1969 play by Lonne Elder III

Ceremonies in Dark Old Men is a two-act stage play by the American playwright Lonne Elder III. It premiered Off Broadway in a production by the Negro Ensemble Company at St. Mark's Playhouse on February 4, 1969, running for 40 performances. Later in the 1969 season, it received a commercial production at The Pocket Theatre, resulting in a long and successful run that added up to 320 performances. A drama about a struggling American black family living in Harlem, it balances humorous gambits of relief in the tragic circumstances that unfold.

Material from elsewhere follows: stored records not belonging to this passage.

(* Let $F:\mathbb{R}^d\to\mathbb{R}$ be a convex differentiable function with a (possibly non-unique) minimizer $x^*$, and let $\alpha\in(\frac12,1)$. Suppose that for all $t\ge1$, $\mathbb{E}[g_t\mid\mathcal{F}_t]=\nabla F(x_t)$ and $\|g_t\|\le G$ almost surely. Then Algorithm 1 with initial point $x_0\in\mathbb{R}^d$ and learning rates $\eta_t=\frac{1}{Gt^\alpha}$ satisfies, for all $T\ge1$, $$\mathbb{E}[F(\bar x_T)]\le F(x^* )+\frac{G}{T^{1-\alpha}}\Big(1+S\,\|x^*-x_0\|\big[2\ln(1+2\|x^*-x_0\|)+9S\big]\Big),$$ where $S=\sqrt{5+\frac{1}{2\alpha-1}}$ and $\bar x_T=\frac1T\sum_{t=1}^T x_t$.
   Context: $\|\cdot\|$ is the Euclidean norm on $\mathbb{R}^d$, $G>0$. Setting: an algorithm outputs iterates $x_1,x_2,\dots$; after outputting $x_t$ it receives a random vector $g_t\in\mathbb{R}^d$ (stochastic gradient). $\mathcal{F}_t$ is the $\sigma$-algebra generated by $x_1,\dots,x_t,g_1,\dots,g_{t-1}$. Auxiliary functions: for $\theta\in\mathbb{R}$, $S>0$, $Q\ge0$, $\psi^*(\theta,S,Q)=\exp\big(\max_{\beta\in[-1/2,1/2]}(\theta\beta-\beta^2S^2)-Q\big)$, which equals $\exp(\theta^2/(4S^2)-Q)$ if $|\theta|\le S^2$ and $\exp(|\theta|/2-S^2/4-Q)$ if $|\theta|>S^2$; and $\psi(x,S,Q)=\sup_{\theta\in\mathbb{R}}(\theta x-\psi^*(\theta,S,Q))$. Algorithm 1 (input: $x_0\in\mathbb{R}^d$ and learning rates $\eta_1,\eta_2,\dots$): set $S_0^2=4$, $Q_0=0$, $\theta_0=0\in\mathbb{R}^d$. For $t=1,2,\dots$: output $x_t=x_0+\frac{\theta_{t-1}}{2S_{t-1}^2}\exp\big(\frac{\|\theta_{t-1}\|^2}{4S_{t-1}^2}-Q_{t-1}\big)$ if $\|\theta_{t-1}\|\le S_{t-1}^2$, and $x_t=x_0+\frac{\theta_{t-1}}{2\|\theta_{t-1}\|}\exp\big(\frac{\|\theta_{t-1}\|}{2}-\frac{S_{t-1}^2}{4}-Q_{t-1}\big)$ otherwise (equivalently, $x_t-x_0$ is the unique minimizer of $x\mapsto \psi(\|x\|,S_{t-1},Q_{t-1})-\langle\theta_{t-1},x\rangle$); receive $g_t$; set $\ell_t=\eta_tg_t$, $S_t^2=S_{t-1}^2+\|\ell_t\|^2$ ($S_t>0$), $Q_t=Q_{t-1}+\|\ell_t\|^2/S_t^2$, $\theta_t=\theta_{t-1}-\ell_t$. *)

theory Defs
  imports "HOL-Probability.Probability" "HOL-Probability.Conditional_Expectation"
begin

text \<open>State (S_t^2, Q_t, theta_t) of Algorithm 1 after t rounds, given the scaled
  gradients l_t = eta_t g_t (indexed from 1).\<close>
fun alg_state :: "(nat \<Rightarrow> 'd::euclidean_space) \<Rightarrow> nat \<Rightarrow> real \<times> real \<times> 'd" where
  "alg_state l 0 = (4, 0, 0)"
| "alg_state l (Suc t) =
     (case alg_state l t of (S2, Q, \<theta>) \<Rightarrow>
        (let S2' = S2 + (norm (l (Suc t)))\<^sup>2
         in (S2', Q + (norm (l (Suc t)))\<^sup>2 / S2', \<theta> - l (Suc t))))"

definition alg_out :: "real \<times> real \<times> 'd::euclidean_space \<Rightarrow> 'd" where
  "alg_out st = (case st of (S2, Q, \<theta>) \<Rightarrow>
     (if norm \<theta> \<le> S2
      then (exp ((norm \<theta>)\<^sup>2 / (4 * S2) - Q) / (2 * S2)) *\<^sub>R \<theta>
      else (exp (norm \<theta> / 2 - S2 / 4 - Q) / (2 * norm \<theta>)) *\<^sub>R \<theta>))"

definition alg_x :: "'d::euclidean_space \<Rightarrow> (nat \<Rightarrow> real) \<Rightarrow> (nat \<Rightarrow> 'd) \<Rightarrow> nat \<Rightarrow> 'd" where
  "alg_x x0 \<eta> g t = x0 + alg_out (alg_state (\<lambda>s. \<eta> s *\<^sub>R g s) (t - 1))"

text \<open>Filtration F_t: sigma-algebra generated by g_1, ..., g_{t-1}
  (the iterates x_1..x_t are deterministic Borel functions of these).\<close>
definition grad_filtration :: "'m measure \<Rightarrow> (nat \<Rightarrow> 'm \<Rightarrow> 'd::euclidean_space) \<Rightarrow> nat \<Rightarrow> 'm measure" where
  "grad_filtration M g t =
     vimage_algebra (space M) (\<lambda>\<omega>. restrict (\<lambda>i. g i \<omega>) {1..<t}) (PiM {1..<t} (\<lambda>_. borel))"

end

theory Submission
  imports Defs
begin

text \<open>Algorithm 1 bets on the losses \<open>l\<^sub>t = \<eta>\<^sub>t g\<^sub>t\<close>, \<open>\<parallel>l\<^sub>t\<parallel> \<le> 1\<close>, with the potential
  \<open>\<Phi>\<^sub>t = exp (\<psi>-exponent(S\<^sub>t\<^sup>2, \<parallel>\<theta>\<^sub>t\<parallel>) - Q\<^sub>t)\<close>, and its bet \<open>x\<^sub>t - x\<^sub>0\<close> is chosen so that
  \<open>\<Phi>\<^sub>t \<le> \<Phi>\<^sub>t\<^sub>-\<^sub>1 - l\<^sub>t \<bullet> (x\<^sub>t - x\<^sub>0)\<close>; this uses strong concavity of the exponent in the bet and
  \<open>exp (-x - x\<^sup>2) \<le> 1 - x\<close> for \<open>\<bar>x\<bar> \<le> 1/2\<close>. Summing, the wealth \<open>-\<Sum> l\<^sub>t \<bullet> (x\<^sub>t - x\<^sub>0)\<close> is at least
  \<open>\<Phi>\<^sub>T - 1\<close>, and a Fenchel-type estimate of \<open>\<Phi>\<^sub>T\<close> gives regret at most
  \<open>1 + 2\<parallel>u\<parallel> ln (1 + 2\<parallel>u\<parallel>) + S\<^sub>T\<^sup>2 \<parallel>u\<parallel>\<close> against any comparator \<open>u\<close>; here \<open>S\<^sub>T\<^sup>2 \<le> S\<^sup>2\<close> because
  \<open>\<Sum> t\<^sup>-\<^sup>2\<^sup>\<alpha> \<le> 1 + 1/(2\<alpha> - 1)\<close>. Finally, online-to-batch: by convexity, \<open>F\<close> at the average
  iterate exceeds \<open>F(x\<^sup>*)\<close> by at most \<open>G T\<^sup>\<alpha>\<^sup>-\<^sup>1 \<Sum> \<eta>\<^sub>t \<nabla>F(x\<^sub>t) \<bullet> (x\<^sub>t - x\<^sup>*)\<close>, and since \<open>x\<^sub>t\<close> is
  \<open>\<F>\<^sub>t\<close>-measurable, in expectation \<open>\<nabla>F(x\<^sub>t)\<close> may be replaced by \<open>g\<^sub>t\<close>, which turns this into the
  regret against \<open>u = x\<^sup>* - x\<^sub>0\<close>.\<close>

subsection \<open>The betting potential\<close>

text \<open>\<open>potential_exponent a r\<close> is \<open>max (\<beta> r - a \<beta>\<^sup>2)\<close> over \<open>\<bar>\<beta>\<bar> \<le> 1/2\<close>, the exponent of the paper's
  \<open>\<psi>\<^sup>*\<close> with \<open>a = S\<^sup>2\<close>, and \<open>best_bet a v\<close> maximizes \<open>b \<bullet> v - a \<parallel>b\<parallel>\<^sup>2\<close> over \<open>\<parallel>b\<parallel> \<le> 1/2\<close>.\<close>

definition potential_exponent :: "real \<Rightarrow> real \<Rightarrow> real" where
  "potential_exponent a r = (if r \<le> a then r\<^sup>2 / (4 * a) else r / 2 - a / 4)"

definition best_bet :: "real \<Rightarrow> 'd::euclidean_space \<Rightarrow> 'd" where
  "best_bet a v = (if norm v \<le> a then (1 / (2 * a)) *\<^sub>R v else (1 / (2 * norm v)) *\<^sub>R v)"

lemma norm_best_bet_le:
  assumes "a > 0"
  shows "norm (best_bet a v) \<le> 1/2"
  using assms by (cases "norm v \<le> a") (simp_all add: best_bet_def field_simps)

lemma potential_exponent_best_bet:
  assumes "a > 0"
  shows "potential_exponent a (norm v) = best_bet a v \<bullet> v - a * (norm (best_bet a v))\<^sup>2"
proof (cases "norm v \<le> a")
  case True
  then show ?thesis
    using assms by (simp add: best_bet_def potential_exponent_def dot_square_norm field_simps power2_eq_square)
next
  case False
  then have "v \<noteq> 0" using assms by auto
  with False assms show ?thesis
    by (simp add: best_bet_def potential_exponent_def dot_square_norm field_simps power2_eq_square)
qed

Set in the 1950's, the protagonist, Russell B. Parker, is an aging black barbershop owner and widower, persuaded to participate in a bootlegging get-rich-quick scheme by his sons, in spite of the protestations of his dutiful daughter. The play addresses themes of self-deception, greed, the comfort of rituals, and the systemic economic exclusion of African American families.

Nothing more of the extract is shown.